While certainly not an exhaustive list, today’s new and improved instructional designer must play the roles of:
- Writer: In many cases, courses are derived from technical documentation, various word documents, PowerPoint slides, and so on. As an ID, you have to take this content and then transpose (write) it in a manner that is concise and makes sense for the audience.
- Problem Solver: Inevitably there are problems to be solved when creating training. Be it in logistical problems with course delivery (learning management systems in the case of elearning; training facilities in the case of live training), how to make mobile compatible training, sticking to and delivering on timelines, tech issues, sticking to a budget, etc… issues are around every corner and today’s ID needs to be able to solve them.
- Innovator: With so many great tools at the disposal of instructional designers today, there is a great benefit in deploying this innovation to organizations who traditionally don’t do so.
- Facilitator: More often than not, the instructional designer is roped into live training in some capacity or another. This only makes sense given that they are exposed to the content, and over time develop intimate knowledge of the topic. Still, if you don’t have good teaching or facilitating techniques, you have a pretty massive gap in your skillset.
- Researcher: Wouldn’t it be great if all the content was already available for us as instructional designers? Unfortunately, it isn’t, and we often need to get our hands dirty with good, old-fashioned research.
- Developer: Naturally, the ID must be capable in course development – this is the bread and butter!
- Project Manager: Larger training implementations require careful budget and time management. If you have a larger team working on a curriculum, then playing the role of project manager is essential. It’s not just good enough to be capable at your craft; you need to show an ability to manage a project and its resources.
- Media Expert: Online videos, audio, course development software, Microsoft Office Suite, video recording, image selection and creation… today’s ID should feel comfortable in all these areas.

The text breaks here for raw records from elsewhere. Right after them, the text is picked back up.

(* Let $\mathcal{M}$ be a Riemannian submanifold of a Euclidean space, let $f:\mathcal{M}\times\mathbb{R}^n\to\mathbb{R}$, $\boldsymbol{c}=(c_1,\dots,c_p):\mathcal{M}\times\mathbb{R}^n\to\mathbb{R}^p$ and $\boldsymbol{g}=(g_1,\dots,g_s):\mathbb{R}^n\to\mathbb{R}^s$ be differentiable, and let $(\boldsymbol{x}^*,\boldsymbol{y}^* )$ be feasible, i.e. $\boldsymbol{x}^*\in\mathcal{M}$, $\boldsymbol{c}(\boldsymbol{x}^*,\boldsymbol{y}^* )=\boldsymbol{0}$, $\boldsymbol{g}(\boldsymbol{y}^* )\le\boldsymbol{0}$. Assume the LICQ holds at $\boldsymbol{z}^*=(\boldsymbol{x}^*,\boldsymbol{y}^* )$. Let $\epsilon\ge0$. If $\max\{m_x(\boldsymbol{x}^*,\boldsymbol{y}^* ),m_y(\boldsymbol{x}^*,\boldsymbol{y}^* )\}\le\epsilon$, then $(\boldsymbol{x}^*,\boldsymbol{y}^* )$ is an $\epsilon$-approximate first-order stationary point; and if $m_{KKT}(\boldsymbol{x}^*,\boldsymbol{y}^* )\le\epsilon$, then $(\boldsymbol{x}^*,\boldsymbol{y}^* )$ is an $\epsilon$-approximate first-order KKT point.
   Context: Write $\mathcal{M}'=\mathcal{M}\times\mathbb{R}^n$ (product Riemannian manifold), $\boldsymbol{z}=(\boldsymbol{x},\boldsymbol{y})$, and $\bar f(\boldsymbol{z})=f(\boldsymbol{x},\boldsymbol{y})$, $\bar c_i(\boldsymbol{z})=c_i(\boldsymbol{x},\boldsymbol{y})$, $\bar g_j(\boldsymbol{z})=g_j(\boldsymbol{y})$. $\operatorname{grad}$ denotes the Riemannian gradient (with respect to $\boldsymbol{x}$ on $\mathcal{M}$ for $f,c_i$; on $\mathcal{M}'$ for $\bar f,\bar c_i,\bar g_j$), $\nabla_y$ the Euclidean gradient in $\boldsymbol{y}$, $\langle\cdot,\cdot\rangle_{\boldsymbol{x}}$ and $\|\cdot\|_{\boldsymbol{x}}$ the Riemannian metric and norm. $\mathcal{A}(\boldsymbol{y})=\{j: g_j(\boldsymbol{y})=0\}$. LICQ at $\boldsymbol{z}$: the vectors $\{\operatorname{grad}\bar c_i(\boldsymbol{z})\}_{i=1}^p\cup\{\operatorname{grad}\bar g_j(\boldsymbol{z})\}_{j\in\mathcal{A}(\boldsymbol{y})}$ are linearly independent in $T_{\boldsymbol{z}}\mathcal{M}'$. Measures: $m_x(\boldsymbol{x},\boldsymbol{y})=|\min\{\langle\operatorname{grad}f(\boldsymbol{x},\boldsymbol{y}),\boldsymbol{d}\rangle_{\boldsymbol{x}}:\boldsymbol{d}\in T_{\boldsymbol{x}}\mathcal{M},\ \langle\operatorname{grad}c_i(\boldsymbol{x},\boldsymbol{y}),\boldsymbol{d}\rangle_{\boldsymbol{x}}=0\ \forall i,\ \|\boldsymbol{d}\|_{\boldsymbol{x}}\le1\}|$; $m_y(\boldsymbol{x},\boldsymbol{y})=|\min\{\langle\nabla_yf(\boldsymbol{x},\boldsymbol{y}),\boldsymbol{d}\rangle:\boldsymbol{d}\in\mathbb{R}^n,\ \langle\nabla_yc_i(\boldsymbol{x},\boldsymbol{y}),\boldsymbol{d}\rangle=0\ \forall i,\ \langle\nabla g_j(\boldsymbol{y}),\boldsymbol{d}\rangle\le0\ \forall j\in\mathcal{A}(\boldsymbol{y}),\ \|\boldsymbol{d}\|\le1\}|$; $m_{KKT}(\boldsymbol{x},\boldsymbol{y})=|\min\{\langle\operatorname{grad}\bar f(\boldsymbol{z}),\boldsymbol{d}\rangle_{\boldsymbol{z}}:\boldsymbol{d}\in T_{\boldsymbol{z}}\mathcal{M}',\ \langle\operatorname{grad}\bar c_i(\boldsymbol{z}),\boldsymbol{d}\rangle_{\boldsymbol{z}}=0\ \forall i,\ \langle\operatorname{grad}\bar g_j(\boldsymbol{z}),\boldsymbol{d}\rangle_{\boldsymbol{z}}\le0\ \forall j\in\mathcal{A}(\boldsymbol{y}),\ \|\boldsymbol{d}\|_{\boldsymbol{z}}\le1\}|$. A feasible $(\boldsymbol{x}^*,\boldsymbol{y}^* )$ is an $\epsilon$-approximate first-order stationary point if (a) there is $\boldsymbol{\lambda}\in\mathbb{R}^p$ with $\|\operatorname{grad}f(\boldsymbol{x}^*,\boldsymbol{y}^* )+\sum_i\lambda_i\operatorname{grad}c_i(\boldsymbol{x}^*,\boldsymbol{y}^* )\|_{\boldsymbol{x}^*}\le\epsilon$ and (b) there are $\boldsymbol{\lambda}'\in\mathbb{R}^p$, $\boldsymbol{\mu}\in\mathbb{R}^s_+$ with $\|\nabla_yf+\sum_i\lambda'_i\nabla_yc_i+\sum_j\mu_j\nabla g_j\|\le\epsilon$ at $(\boldsymbol{x}^*,\boldsymbol{y}^* )$ and $\mu_jg_j(\boldsymbol{y}^* )=0$ for all $j$. It is an $\epsilon$-approximate first-order KKT point if there are $\boldsymbol{\lambda}\in\mathbb{R}^p$, $\boldsymbol{\mu}\in\mathbb{R}^s_+$ with $\|\operatorname{grad}\bar f(\boldsymbol{z}^* )+\sum_i\lambda_i\operatorname{grad}\bar c_i(\boldsymbol{z}^* )+\sum_j\mu_j\operatorname{grad}\bar g_j(\boldsymbol{z}^* )\|_{\boldsymbol{z}^*}\le\epsilon$ and $\mu_j\bar g_j(\boldsymbol{z}^* )=0$ for all $j$. *)

theory Defs
  imports "HOL-Analysis.Analysis"
begin

definition egrad :: "('a::real_inner \<Rightarrow> real) \<Rightarrow> 'a \<Rightarrow> 'a" where
  "egrad F x = (THE v. (F has_derivative (\<lambda>h. v \<bullet> h)) (at x))"

definition submanifold :: "'e::euclidean_space set \<Rightarrow> bool" where
  "submanifold M \<longleftrightarrow>
     (\<forall>x\<in>M. \<exists>U (q::nat) h. open U \<and> x \<in> U \<and>
        (\<forall>i<q. (\<forall>u\<in>U. h i differentiable (at u)) \<and> continuous_on U (egrad (h i))) \<and>
        (\<forall>a. (\<Sum>i<q. a i *\<^sub>R egrad (h i) x) = 0 \<longrightarrow> (\<forall>i<q. a i = 0)) \<and>
        M \<inter> U = {u\<in>U. \<forall>i<q. h i u = 0})"

definition tangent_space :: "'a::real_normed_vector set \<Rightarrow> 'a \<Rightarrow> 'a set" where
  "tangent_space M x = {v. \<exists>\<gamma> (e::real). e > 0 \<and> \<gamma> 0 = x \<and> (\<forall>t\<in>{-e<..<e}. \<gamma> t \<in> M) \<and>
                            (\<gamma> has_vector_derivative v) (at 0)}"

definition rgrad :: "'a::real_inner set \<Rightarrow> ('a \<Rightarrow> real) \<Rightarrow> 'a \<Rightarrow> 'a" where
  "rgrad M F x = (THE v. v \<in> tangent_space M x \<and>
      (\<forall>d\<in>tangent_space M x. frechet_derivative F (at x) d = v \<bullet> d))"

definition active_set :: "(nat \<Rightarrow> 'b \<Rightarrow> real) \<Rightarrow> nat \<Rightarrow> 'b \<Rightarrow> nat set" where
  "active_set g s y = {j. j < s \<and> g j y = 0}"

definition feasible ::
  "'e::euclidean_space set \<Rightarrow> (nat \<Rightarrow> 'e \<times> (real^'n) \<Rightarrow> real) \<Rightarrow> nat \<Rightarrow>
   (nat \<Rightarrow> real^'n \<Rightarrow> real) \<Rightarrow> nat \<Rightarrow> 'e \<Rightarrow> real^'n \<Rightarrow> bool" where
  "feasible M c p g s x y \<longleftrightarrow> x \<in> M \<and> (\<forall>i<p. c i (x, y) = 0) \<and> (\<forall>j<s. g j y \<le> 0)"

definition LICQ ::
  "'e::euclidean_space set \<Rightarrow> (nat \<Rightarrow> 'e \<times> (real^'n) \<Rightarrow> real) \<Rightarrow> nat \<Rightarrow>
   (nat \<Rightarrow> real^'n \<Rightarrow> real) \<Rightarrow> nat \<Rightarrow> 'e \<Rightarrow> real^'n \<Rightarrow> bool" where
  "LICQ M c p g s x y \<longleftrightarrow>
     (\<forall>a b. (\<Sum>i<p. a i *\<^sub>R rgrad (M \<times> UNIV) (c i) (x, y))
          + (\<Sum>j\<in>active_set g s y. b j *\<^sub>R rgrad (M \<times> UNIV) (\<lambda>z. g j (snd z)) (x, y)) = 0
        \<longrightarrow> (\<forall>i<p. a i = 0) \<and> (\<forall>j\<in>active_set g s y. b j = 0))"

definition m_x ::
  "'e::euclidean_space set \<Rightarrow> ('e \<times> (real^'n) \<Rightarrow> real) \<Rightarrow> (nat \<Rightarrow> 'e \<times> (real^'n) \<Rightarrow> real) \<Rightarrow> nat \<Rightarrow>
   'e \<Rightarrow> real^'n \<Rightarrow> real" where
  "m_x M f c p x y = \<bar>Inf {rgrad M (\<lambda>u. f (u, y)) x \<bullet> d | d.
       d \<in> tangent_space M x \<and> (\<forall>i<p. rgrad M (\<lambda>u. c i (u, y)) x \<bullet> d = 0) \<and> norm d \<le> 1}\<bar>"

definition m_y ::
  "('e::euclidean_space \<times> (real^'n) \<Rightarrow> real) \<Rightarrow> (nat \<Rightarrow> 'e \<times> (real^'n) \<Rightarrow> real) \<Rightarrow> nat \<Rightarrow>
   (nat \<Rightarrow> real^'n \<Rightarrow> real) \<Rightarrow> nat \<Rightarrow> 'e \<Rightarrow> real^'n \<Rightarrow> real" where
  "m_y f c p g s x y = \<bar>Inf {egrad (\<lambda>v. f (x, v)) y \<bullet> d | d.
       (\<forall>i<p. egrad (\<lambda>v. c i (x, v)) y \<bullet> d = 0) \<and>
       (\<forall>j\<in>active_set g s y. egrad (g j) y \<bullet> d \<le> 0) \<and> norm d \<le> 1}\<bar>"

definition m_KKT ::
  "'e::euclidean_space set \<Rightarrow> ('e \<times> (real^'n) \<Rightarrow> real) \<Rightarrow> (nat \<Rightarrow> 'e \<times> (real^'n) \<Rightarrow> real) \<Rightarrow> nat \<Rightarrow>
   (nat \<Rightarrow> real^'n \<Rightarrow> real) \<Rightarrow> nat \<Rightarrow> 'e \<Rightarrow> real^'n \<Rightarrow> real" where
  "m_KKT M f c p g s x y = \<bar>Inf {rgrad (M \<times> UNIV) f (x, y) \<bullet> d | d.
       d \<in> tangent_space (M \<times> UNIV) (x, y) \<and>
       (\<forall>i<p. rgrad (M \<times> UNIV) (c i) (x, y) \<bullet> d = 0) \<and>
       (\<forall>j\<in>active_set g s y. rgrad (M \<times> UNIV) (\<lambda>z. g j (snd z)) (x, y) \<bullet> d \<le> 0) \<and>
       norm d \<le> 1}\<bar>"

definition eps_stationary ::
  "real \<Rightarrow> 'e::euclidean_space set \<Rightarrow> ('e \<times> (real^'n) \<Rightarrow> real) \<Rightarrow> (nat \<Rightarrow> 'e \<times> (real^'n) \<Rightarrow> real) \<Rightarrow> nat \<Rightarrow>
   (nat \<Rightarrow> real^'n \<Rightarrow> real) \<Rightarrow> nat \<Rightarrow> 'e \<Rightarrow> real^'n \<Rightarrow> bool" where
  "eps_stationary \<epsilon> M f c p g s x y \<longleftrightarrow> feasible M c p g s x y \<and>
     (\<exists>lam. norm (rgrad M (\<lambda>u. f (u, y)) x + (\<Sum>i<p. lam i *\<^sub>R rgrad M (\<lambda>u. c i (u, y)) x)) \<le> \<epsilon>) \<and>
     (\<exists>lam2 \<mu>. (\<forall>j<s. \<mu> j \<ge> 0) \<and>
        norm (egrad (\<lambda>v. f (x, v)) y + (\<Sum>i<p. lam2 i *\<^sub>R egrad (\<lambda>v. c i (x, v)) y)
              + (\<Sum>j<s. \<mu> j *\<^sub>R egrad (g j) y)) \<le> \<epsilon> \<and>
        (\<forall>j<s. \<mu> j * g j y = 0))"

definition eps_KKT ::
  "real \<Rightarrow> 'e::euclidean_space set \<Rightarrow> ('e \<times> (real^'n) \<Rightarrow> real) \<Rightarrow> (nat \<Rightarrow> 'e \<times> (real^'n) \<Rightarrow> real) \<Rightarrow> nat \<Rightarrow>
   (nat \<Rightarrow> real^'n \<Rightarrow> real) \<Rightarrow> nat \<Rightarrow> 'e \<Rightarrow> real^'n \<Rightarrow> bool" where
  "eps_KKT \<epsilon> M f c p g s x y \<longleftrightarrow> feasible M c p g s x y \<and>
     (\<exists>lam \<mu>. (\<forall>j<s. \<mu> j \<ge> 0) \<and>
        norm (rgrad (M \<times> UNIV) f (x, y) + (\<Sum>i<p. lam i *\<^sub>R rgrad (M \<times> UNIV) (c i) (x, y))
              + (\<Sum>j<s. \<mu> j *\<^sub>R rgrad (M \<times> UNIV) (\<lambda>z. g j (snd z)) (x, y))) \<le> \<epsilon> \<and>
        (\<forall>j<s. \<mu> j * g j y = 0))"
lemma G22_central_nth_power:
  assumes even: "even n" and n: "n \<ge> 2" and g: "g \<in> sp_group n (\<lambda>_. 1)"
    and central: "\<forall>y\<in>sp_group n (\<lambda>_. 1). g ^\<^sub>m n * y = y * g ^\<^sub>m n"
  shows "g ^\<^sub>m n = 1\<^sub>m n"
proof (cases "n = 2")
  case True
  thus ?thesis using G22_2_square g by simp
next
  case False
  interpret G: group "(GLc n)\<lparr>carrier := sp_group n (\<lambda>_. 1)\<rparr>"
    by (rule sp_group_is_group[OF sign_character_trivial])
  have "g \<in> carrier_mat n n" using g by (auto simp: sp_group_def)
  hence "g ^\<^sub>m n \<in> sp_group n (\<lambda>_. 1)"
    using G.nat_pow_closed[of g n] g by (simp add: subgroup_pow)
  thus ?thesis
    using centre_G22[OF _ _ central] no_nth_root_of_neg_one[OF _ g] n False by force
qed

definition rot :: "nat \<Rightarrow> nat \<Rightarrow> nat" where
  "rot n j = (if j < n then Suc j mod n else j)"

text \<open>The rotation of {..<n+1} is the rotation of {..<n} after a transposition; by induction
  this gives that rot n permutes {..<n} with sign (-1)^(n-1).\<close>
lemma rot_Suc: "n \<ge> 1 \<Longrightarrow> rot (Suc n) = rot n \<circ> Transposition.transpose (n - 1) n"
  by (rule ext) (auto simp: rot_def Transposition.transpose_def mod_Suc)

lemma rot_permutes: "n \<ge> 1 \<Longrightarrow> rot n permutes {..<n} \<and> sign (rot n) = (-1) ^ (n - 1)"
proof (induction n rule: dec_induct[of 1])
  case base
  have "rot 1 = id" by (rule ext) (simp add: rot_def)
  hence "rot 1 permutes {..<1}" and "sign (rot 1) = 1" by (simp_all only: permutes_id sign_id)
  thus ?case by simp
next
  case (step n)
  let ?t = "Transposition.transpose (n - 1) n"
  have t: "?t permutes {..<Suc n}" using step by (intro permutes_swap_id) auto
  have r: "rot n permutes {..<Suc n}" using step permutes_subset[of "rot n" "{..<n}"] by auto
  have "rot (Suc n) permutes {..<Suc n}" unfolding rot_Suc[OF step(1)] by (rule permutes_compose[OF t r])
  moreover have "sign (rot (Suc n)) = (-1) ^ (Suc n - 1)"
    unfolding rot_Suc[OF step(1)]
    using step sign_compose[OF permutes_imp_permutation[OF _ r] permutes_imp_permutation[OF _ t]]
      sign_swap_id[of "n - 1" n]
    by (cases n) auto
  ultimately show ?case ..
qed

- Editor: Removing your emotional ties to a course you created, and putting your non-bias editor hat on, will go a long way in creating winning training programs.
I’m sure you could think of a good many more traits for today’s modern instructional designer. The point is that we can’t stick to one or two core skills and go from there. We have to be well-rounded and capable of performing many tasks – all critical to a successful training implementation.